WHAT YOU SHOULD DO:
Include in the output exactly the lines from the opening of the data through the line containing "define us where", and nothing more.

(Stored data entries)
# # # # #
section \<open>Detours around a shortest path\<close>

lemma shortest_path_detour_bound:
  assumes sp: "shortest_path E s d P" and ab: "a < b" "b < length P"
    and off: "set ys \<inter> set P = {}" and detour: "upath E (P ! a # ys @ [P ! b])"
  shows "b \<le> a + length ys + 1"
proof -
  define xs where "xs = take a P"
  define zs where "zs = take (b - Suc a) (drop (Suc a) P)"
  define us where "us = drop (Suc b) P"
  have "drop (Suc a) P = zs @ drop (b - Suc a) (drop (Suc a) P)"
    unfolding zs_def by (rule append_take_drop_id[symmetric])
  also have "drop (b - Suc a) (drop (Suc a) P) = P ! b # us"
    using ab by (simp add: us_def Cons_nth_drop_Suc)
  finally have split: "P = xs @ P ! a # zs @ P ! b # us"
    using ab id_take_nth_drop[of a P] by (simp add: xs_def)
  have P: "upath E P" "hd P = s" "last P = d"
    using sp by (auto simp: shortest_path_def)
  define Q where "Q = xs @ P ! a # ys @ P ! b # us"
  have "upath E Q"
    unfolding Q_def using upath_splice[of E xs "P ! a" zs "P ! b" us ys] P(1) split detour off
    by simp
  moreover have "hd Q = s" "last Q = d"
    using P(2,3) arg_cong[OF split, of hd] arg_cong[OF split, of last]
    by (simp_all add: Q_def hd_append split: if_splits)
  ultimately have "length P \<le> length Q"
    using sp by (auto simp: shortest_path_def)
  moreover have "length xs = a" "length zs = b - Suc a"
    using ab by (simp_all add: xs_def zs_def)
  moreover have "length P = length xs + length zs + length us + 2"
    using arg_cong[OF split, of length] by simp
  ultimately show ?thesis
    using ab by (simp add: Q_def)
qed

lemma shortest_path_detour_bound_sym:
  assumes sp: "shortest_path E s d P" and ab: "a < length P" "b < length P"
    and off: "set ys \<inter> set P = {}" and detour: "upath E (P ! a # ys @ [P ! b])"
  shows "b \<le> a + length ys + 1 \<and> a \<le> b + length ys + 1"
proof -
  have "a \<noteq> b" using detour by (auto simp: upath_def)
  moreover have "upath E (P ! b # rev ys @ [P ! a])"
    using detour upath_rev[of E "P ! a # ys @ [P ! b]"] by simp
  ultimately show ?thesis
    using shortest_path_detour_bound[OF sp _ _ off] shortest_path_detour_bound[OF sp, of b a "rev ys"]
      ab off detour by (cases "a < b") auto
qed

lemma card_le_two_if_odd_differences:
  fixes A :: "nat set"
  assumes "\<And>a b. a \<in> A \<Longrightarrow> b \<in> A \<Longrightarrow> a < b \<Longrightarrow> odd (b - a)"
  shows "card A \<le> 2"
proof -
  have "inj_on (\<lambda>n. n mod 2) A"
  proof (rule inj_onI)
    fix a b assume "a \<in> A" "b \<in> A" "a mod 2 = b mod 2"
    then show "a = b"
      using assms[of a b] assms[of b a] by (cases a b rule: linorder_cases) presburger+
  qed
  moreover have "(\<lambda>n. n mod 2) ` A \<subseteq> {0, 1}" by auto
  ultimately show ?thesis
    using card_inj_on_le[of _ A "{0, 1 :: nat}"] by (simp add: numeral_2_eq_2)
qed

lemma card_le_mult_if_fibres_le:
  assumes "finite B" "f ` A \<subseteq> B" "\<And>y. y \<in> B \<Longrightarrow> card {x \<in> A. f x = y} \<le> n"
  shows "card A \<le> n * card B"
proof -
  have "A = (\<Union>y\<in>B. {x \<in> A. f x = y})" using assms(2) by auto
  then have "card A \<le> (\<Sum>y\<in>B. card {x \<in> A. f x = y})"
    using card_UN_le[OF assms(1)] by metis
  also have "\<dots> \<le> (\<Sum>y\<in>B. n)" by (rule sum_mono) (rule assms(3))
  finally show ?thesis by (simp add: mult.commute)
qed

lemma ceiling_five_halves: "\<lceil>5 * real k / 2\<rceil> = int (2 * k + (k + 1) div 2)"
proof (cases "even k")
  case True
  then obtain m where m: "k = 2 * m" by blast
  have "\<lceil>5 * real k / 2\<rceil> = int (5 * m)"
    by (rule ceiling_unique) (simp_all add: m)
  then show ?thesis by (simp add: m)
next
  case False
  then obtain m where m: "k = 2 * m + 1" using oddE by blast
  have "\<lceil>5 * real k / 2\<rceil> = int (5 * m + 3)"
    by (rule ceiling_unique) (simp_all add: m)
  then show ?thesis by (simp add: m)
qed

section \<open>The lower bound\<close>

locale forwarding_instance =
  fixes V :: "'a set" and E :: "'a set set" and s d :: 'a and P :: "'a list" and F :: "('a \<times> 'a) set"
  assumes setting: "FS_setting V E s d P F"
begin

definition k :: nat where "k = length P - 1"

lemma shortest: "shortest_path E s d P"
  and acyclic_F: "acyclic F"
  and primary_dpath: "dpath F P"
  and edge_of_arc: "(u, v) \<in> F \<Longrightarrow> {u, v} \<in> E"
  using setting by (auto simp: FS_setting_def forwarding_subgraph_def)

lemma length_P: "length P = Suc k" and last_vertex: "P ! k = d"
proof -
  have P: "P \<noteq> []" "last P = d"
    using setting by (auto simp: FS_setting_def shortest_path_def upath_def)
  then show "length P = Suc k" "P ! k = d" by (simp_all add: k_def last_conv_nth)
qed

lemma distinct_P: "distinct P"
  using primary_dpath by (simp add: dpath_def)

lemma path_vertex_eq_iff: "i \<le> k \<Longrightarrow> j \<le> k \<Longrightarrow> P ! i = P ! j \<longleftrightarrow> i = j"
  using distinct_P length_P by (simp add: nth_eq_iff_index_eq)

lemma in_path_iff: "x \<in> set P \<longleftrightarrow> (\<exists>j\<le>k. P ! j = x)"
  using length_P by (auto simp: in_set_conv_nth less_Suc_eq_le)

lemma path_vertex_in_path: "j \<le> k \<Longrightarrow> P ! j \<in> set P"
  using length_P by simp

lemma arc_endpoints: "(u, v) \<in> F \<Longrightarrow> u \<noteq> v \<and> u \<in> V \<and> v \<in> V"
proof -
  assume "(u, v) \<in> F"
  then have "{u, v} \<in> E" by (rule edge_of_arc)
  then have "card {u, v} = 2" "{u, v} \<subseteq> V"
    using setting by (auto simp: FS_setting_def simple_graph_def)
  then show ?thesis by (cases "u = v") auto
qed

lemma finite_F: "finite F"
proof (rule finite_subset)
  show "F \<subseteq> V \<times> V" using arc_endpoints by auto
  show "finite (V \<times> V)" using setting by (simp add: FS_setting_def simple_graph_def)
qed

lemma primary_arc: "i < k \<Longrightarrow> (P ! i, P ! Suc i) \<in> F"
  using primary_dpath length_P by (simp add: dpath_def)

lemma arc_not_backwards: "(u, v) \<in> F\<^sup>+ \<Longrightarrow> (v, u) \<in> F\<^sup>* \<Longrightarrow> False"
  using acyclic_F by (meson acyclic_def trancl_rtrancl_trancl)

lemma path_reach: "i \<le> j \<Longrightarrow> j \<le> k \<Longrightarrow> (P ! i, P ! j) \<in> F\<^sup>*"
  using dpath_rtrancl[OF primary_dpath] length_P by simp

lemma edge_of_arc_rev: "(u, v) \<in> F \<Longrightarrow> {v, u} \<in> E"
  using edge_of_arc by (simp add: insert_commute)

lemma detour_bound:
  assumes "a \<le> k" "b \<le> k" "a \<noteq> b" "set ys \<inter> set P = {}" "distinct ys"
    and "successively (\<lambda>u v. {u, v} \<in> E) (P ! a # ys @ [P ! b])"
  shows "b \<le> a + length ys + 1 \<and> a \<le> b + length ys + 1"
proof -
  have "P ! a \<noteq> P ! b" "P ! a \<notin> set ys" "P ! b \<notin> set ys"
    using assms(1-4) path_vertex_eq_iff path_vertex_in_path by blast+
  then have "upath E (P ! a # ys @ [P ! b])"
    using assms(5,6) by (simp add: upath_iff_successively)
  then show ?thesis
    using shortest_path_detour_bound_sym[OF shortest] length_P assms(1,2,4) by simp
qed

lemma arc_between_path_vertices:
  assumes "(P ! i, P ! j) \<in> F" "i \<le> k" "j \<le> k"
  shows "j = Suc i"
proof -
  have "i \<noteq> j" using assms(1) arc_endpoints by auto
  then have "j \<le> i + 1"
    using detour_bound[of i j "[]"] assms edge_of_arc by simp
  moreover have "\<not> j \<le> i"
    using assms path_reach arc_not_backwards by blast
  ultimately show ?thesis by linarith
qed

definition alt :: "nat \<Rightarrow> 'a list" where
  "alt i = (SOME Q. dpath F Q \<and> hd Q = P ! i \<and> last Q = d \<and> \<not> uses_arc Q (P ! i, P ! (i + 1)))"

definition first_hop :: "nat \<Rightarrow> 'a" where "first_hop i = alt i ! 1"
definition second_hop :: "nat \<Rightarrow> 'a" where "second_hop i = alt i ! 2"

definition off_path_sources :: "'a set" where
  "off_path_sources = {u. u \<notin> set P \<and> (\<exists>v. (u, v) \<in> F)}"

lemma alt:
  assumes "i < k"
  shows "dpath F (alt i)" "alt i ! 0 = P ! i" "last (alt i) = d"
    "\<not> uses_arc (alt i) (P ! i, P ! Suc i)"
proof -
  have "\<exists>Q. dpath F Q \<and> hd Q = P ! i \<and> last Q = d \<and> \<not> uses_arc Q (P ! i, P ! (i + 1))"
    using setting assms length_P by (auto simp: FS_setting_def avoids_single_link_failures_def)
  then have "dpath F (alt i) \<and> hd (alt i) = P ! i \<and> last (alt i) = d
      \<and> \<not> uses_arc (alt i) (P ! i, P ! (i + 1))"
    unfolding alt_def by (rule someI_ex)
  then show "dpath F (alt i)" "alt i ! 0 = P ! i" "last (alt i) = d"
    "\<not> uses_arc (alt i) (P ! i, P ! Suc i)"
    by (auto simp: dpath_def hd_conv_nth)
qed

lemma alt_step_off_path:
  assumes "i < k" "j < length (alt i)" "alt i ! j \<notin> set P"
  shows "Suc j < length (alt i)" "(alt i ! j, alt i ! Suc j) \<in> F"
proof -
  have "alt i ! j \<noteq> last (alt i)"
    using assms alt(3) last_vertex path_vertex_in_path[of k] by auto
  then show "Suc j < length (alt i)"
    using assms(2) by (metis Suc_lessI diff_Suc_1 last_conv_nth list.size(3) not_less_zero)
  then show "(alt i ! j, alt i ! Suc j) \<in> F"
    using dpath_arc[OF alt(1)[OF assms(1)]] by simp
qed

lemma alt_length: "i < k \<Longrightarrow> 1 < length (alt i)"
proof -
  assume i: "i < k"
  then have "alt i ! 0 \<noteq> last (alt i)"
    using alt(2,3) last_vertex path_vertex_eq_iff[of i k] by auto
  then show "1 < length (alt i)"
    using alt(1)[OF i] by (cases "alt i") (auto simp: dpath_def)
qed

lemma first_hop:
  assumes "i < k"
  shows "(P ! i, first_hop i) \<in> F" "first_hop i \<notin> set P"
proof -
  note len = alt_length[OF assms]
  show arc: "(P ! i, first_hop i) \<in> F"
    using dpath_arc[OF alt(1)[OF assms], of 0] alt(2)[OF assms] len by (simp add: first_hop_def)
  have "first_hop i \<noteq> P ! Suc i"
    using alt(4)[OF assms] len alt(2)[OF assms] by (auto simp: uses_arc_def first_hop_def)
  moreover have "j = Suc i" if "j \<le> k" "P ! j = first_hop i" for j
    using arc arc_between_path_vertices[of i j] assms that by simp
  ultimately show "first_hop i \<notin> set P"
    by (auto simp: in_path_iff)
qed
# # # # #
OUTPUT OF THE EXERCISE:
section \<open>Detours around a shortest path\<close>

lemma shortest_path_detour_bound:
  assumes sp: "shortest_path E s d P" and ab: "a < b" "b < length P"
    and off: "set ys \<inter> set P = {}" and detour: "upath E (P ! a # ys @ [P ! b])"
  shows "b \<le> a + length ys + 1"
proof -
  define xs where "xs = take a P"
  define zs where "zs = take (b - Suc a) (drop (Suc a) P)"
  define us where "us = drop (Suc b) P"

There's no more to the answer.